(Collected data entries)
************

(* Let $G$ be an undirected, weighted, connected graph on vertices $1,\dots,n$, and let $H$ be either its adjacency matrix or its Laplacian matrix. Write $H=Q^T\Lambda Q$ with $Q$ a real orthogonal matrix and $\Lambda=\mathrm{diag}(\lambda_1,\dots,\lambda_n)$, $\lambda_1\le\cdots\le\lambda_n$. For real $t$ let $p(t)=|\langle s|e^{itH}|r\rangle|^2$ be the fidelity of state transfer from a sender vertex $s$ to a receiver vertex $r$, and suppose there is perfect state transfer at time $t_0$, i.e. $p(t_0)=1$. For $j=1,\dots,n$ let $q_{j}$ denote the $(j,s)$ entry of $Q$ (the $s$-th entry of the $j$-th orthonormal eigenvector of $H$). Let $h\in\mathbb{R}$ satisfy $|h|<\frac{\pi}{\lambda_n-\lambda_1}$. Then for every $\sigma\in\mathbb{R}$, \[ p(t_0+h)\ \ge\ 1-h^2\sum_{j=1}^n q_{j}^2(\lambda_j-\sigma)^2 . \]
   Context: For a weighted graph with edge weights $w(j,k)$, the adjacency matrix $A=[a_{jk}]$ has $a_{jk}=w(j,k)$ if $j,k$ are adjacent and $a_{jk}=0$ otherwise; the Laplacian is $L=R-A$ where $R$ is the diagonal matrix of row sums of $A$. $\{|1\rangle,\dots,|n\rangle\}$ is the standard basis of $\mathbb{C}^n$, so $\langle s|e^{itH}|r\rangle$ is the $(s,r)$ entry of $e^{itH}$. *)

theory Defs
  imports Complex_Main "Jordan_Normal_Form.Matrix"
begin

text \<open>Vertices 1..n of the paper are represented by 0..n-1.
  A weighted undirected graph: symmetric irreflexive adjacency relation on the
  vertex set with symmetric positive edge weights.\<close>

definition weighted_graph :: "nat \<Rightarrow> (nat \<Rightarrow> nat \<Rightarrow> bool) \<Rightarrow> (nat \<Rightarrow> nat \<Rightarrow> real) \<Rightarrow> bool" where
  "weighted_graph n adj w \<longleftrightarrow>
     (\<forall>j k. adj j k \<longrightarrow> j < n \<and> k < n) \<and>
     (\<forall>j k. adj j k \<longrightarrow> adj k j) \<and>
     (\<forall>j. \<not> adj j j) \<and>
     (\<forall>j k. adj j k \<longrightarrow> w j k = w k j \<and> w j k > 0)"

definition connected_graph :: "nat \<Rightarrow> (nat \<Rightarrow> nat \<Rightarrow> bool) \<Rightarrow> bool" where
  "connected_graph n adj \<longleftrightarrow> n \<ge> 1 \<and> (\<forall>j k. j < n \<longrightarrow> k < n \<longrightarrow> adj\<^sup>*\<^sup>* j k)"

definition adjacency_matrix :: "nat \<Rightarrow> (nat \<Rightarrow> nat \<Rightarrow> bool) \<Rightarrow> (nat \<Rightarrow> nat \<Rightarrow> real) \<Rightarrow> real mat" where
  "adjacency_matrix n adj w = mat n n (\<lambda>(j,k). if adj j k then w j k else 0)"

definition laplacian_matrix :: "nat \<Rightarrow> (nat \<Rightarrow> nat \<Rightarrow> bool) \<Rightarrow> (nat \<Rightarrow> nat \<Rightarrow> real) \<Rightarrow> real mat" where
  "laplacian_matrix n adj w =
     mat_diag n (\<lambda>j. \<Sum>k<n. adjacency_matrix n adj w $$ (j,k)) - adjacency_matrix n adj w"

definition mat_exp :: "complex mat \<Rightarrow> complex mat" where
  "mat_exp A = mat (dim_row A) (dim_col A) (\<lambda>(i,j). \<Sum>k. (A ^\<^sub>m k) $$ (i,j) / of_nat (fact k))"

definition fidelity :: "real mat \<Rightarrow> nat \<Rightarrow> nat \<Rightarrow> real \<Rightarrow> real" where
  "fidelity H s r t = (cmod (mat_exp ((\<i> * complex_of_real t) \<cdot>\<^sub>m map_mat complex_of_real H) $$ (s,r)))\<^sup>2"

end

theory Submission
  imports Defs "Jordan_Normal_Form.Determinant"
begin

text \<open>Diagonalising H, the (s,r) entry of exp(itH) is the sum over j of
  Q(j,s) Q(j,r) exp(i t \<lambda>_j). Columns s and r of Q are unit vectors, so by the equality case
  of Cauchy-Schwarz perfect transfer at t0 forces Q(j,r) exp(i t0 \<lambda>_j) = c Q(j,s) with
  |c| = 1. Hence p(t0 + h) = |\<Sum>_j a_j exp(i \<theta>_j)|^2 with weights a_j = Q(j,s)^2 summing to 1
  and \<theta>_j = h(\<lambda>_j - \<sigma>). Expanding the square gives \<Sum>_j \<Sum>_k a_j a_k cos(\<theta>_j - \<theta>_k), and
  cos x \<ge> 1 - x^2/2 together with the nonnegativity of the variance of \<theta> under the weights a
  yields the bound.\<close>

lemma pow_mat_diag: "mat_diag n d ^\<^sub>m k = mat_diag n (\<lambda>j. d j ^ k)"
proof (induction k)
  case 0
  have "dim_row (mat_diag n d) = n" using mat_diag_dim by blast
  then show ?case by simp
qed (simp add: power_commutes)

lemma pow_mat_orthogonal_conj_diag:
  fixes P :: "'a::comm_ring_1 mat"
  assumes "P \<in> carrier_mat n n" and "P * transpose_mat P = 1\<^sub>m n" and "transpose_mat P * P = 1\<^sub>m n"
  shows "(transpose_mat P * mat_diag n d * P) ^\<^sub>m k = transpose_mat P * mat_diag n (\<lambda>j. d j ^ k) * P"
proof -
  have "similar_mat_wit (transpose_mat P * mat_diag n d * P) (mat_diag n d) (transpose_mat P) P"
    using assms by (intro similar_mat_witI) auto
  then show ?thesis by (simp add: similar_mat_wit_pow_id pow_mat_diag)
qed

lemma transpose_conj_diag_entry:
  fixes P :: "'a::comm_ring_1 mat"
  assumes P: "P \<in> carrier_mat n n" and "a < n" and "b < n"
  shows "(transpose_mat P * mat_diag n g * P) $$ (a,b) = (\<Sum>j<n. P $$ (j,a) * g j * P $$ (j,b))"
proof -
  have "transpose_mat P * mat_diag n g * P = transpose_mat P * (mat_diag n g * P)"
    using P by (simp add: assoc_mult_mat[of _ n n _ n _ n])
  also have "mat_diag n g * P = mat n n (\<lambda>(i,j). g i * P $$ (i,j))"
    using P by (rule mat_diag_mult_left)
  finally show ?thesis using assms
    by (simp add: scalar_prod_def atLeast0LessThan mult.assoc)
qed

************

Task objective — Among the entries, copy every line containing the word "vertex".

Written solution —
(* Let $G$ be an undirected, weighted, connected graph on vertices $1,\dots,n$, and let $H$ be either its adjacency matrix or its Laplacian matrix. Write $H=Q^T\Lambda Q$ with $Q$ a real orthogonal matrix and $\Lambda=\mathrm{diag}(\lambda_1,\dots,\lambda_n)$, $\lambda_1\le\cdots\le\lambda_n$. For real $t$ let $p(t)=|\langle s|e^{itH}|r\rangle|^2$ be the fidelity of state transfer from a sender vertex $s$ to a receiver vertex $r$, and suppose there is perfect state transfer at time $t_0$, i.e. $p(t_0)=1$. For $j=1,\dots,n$ let $q_{j}$ denote the $(j,s)$ entry of $Q$ (the $s$-th entry of the $j$-th orthonormal eigenvector of $H$). Let $h\in\mathbb{R}$ satisfy $|h|<\frac{\pi}{\lambda_n-\lambda_1}$. Then for every $\sigma\in\mathbb{R}$, \[ p(t_0+h)\ \ge\ 1-h^2\sum_{j=1}^n q_{j}^2(\lambda_j-\sigma)^2 . \]
  vertex set with symmetric positive edge weights.\<close>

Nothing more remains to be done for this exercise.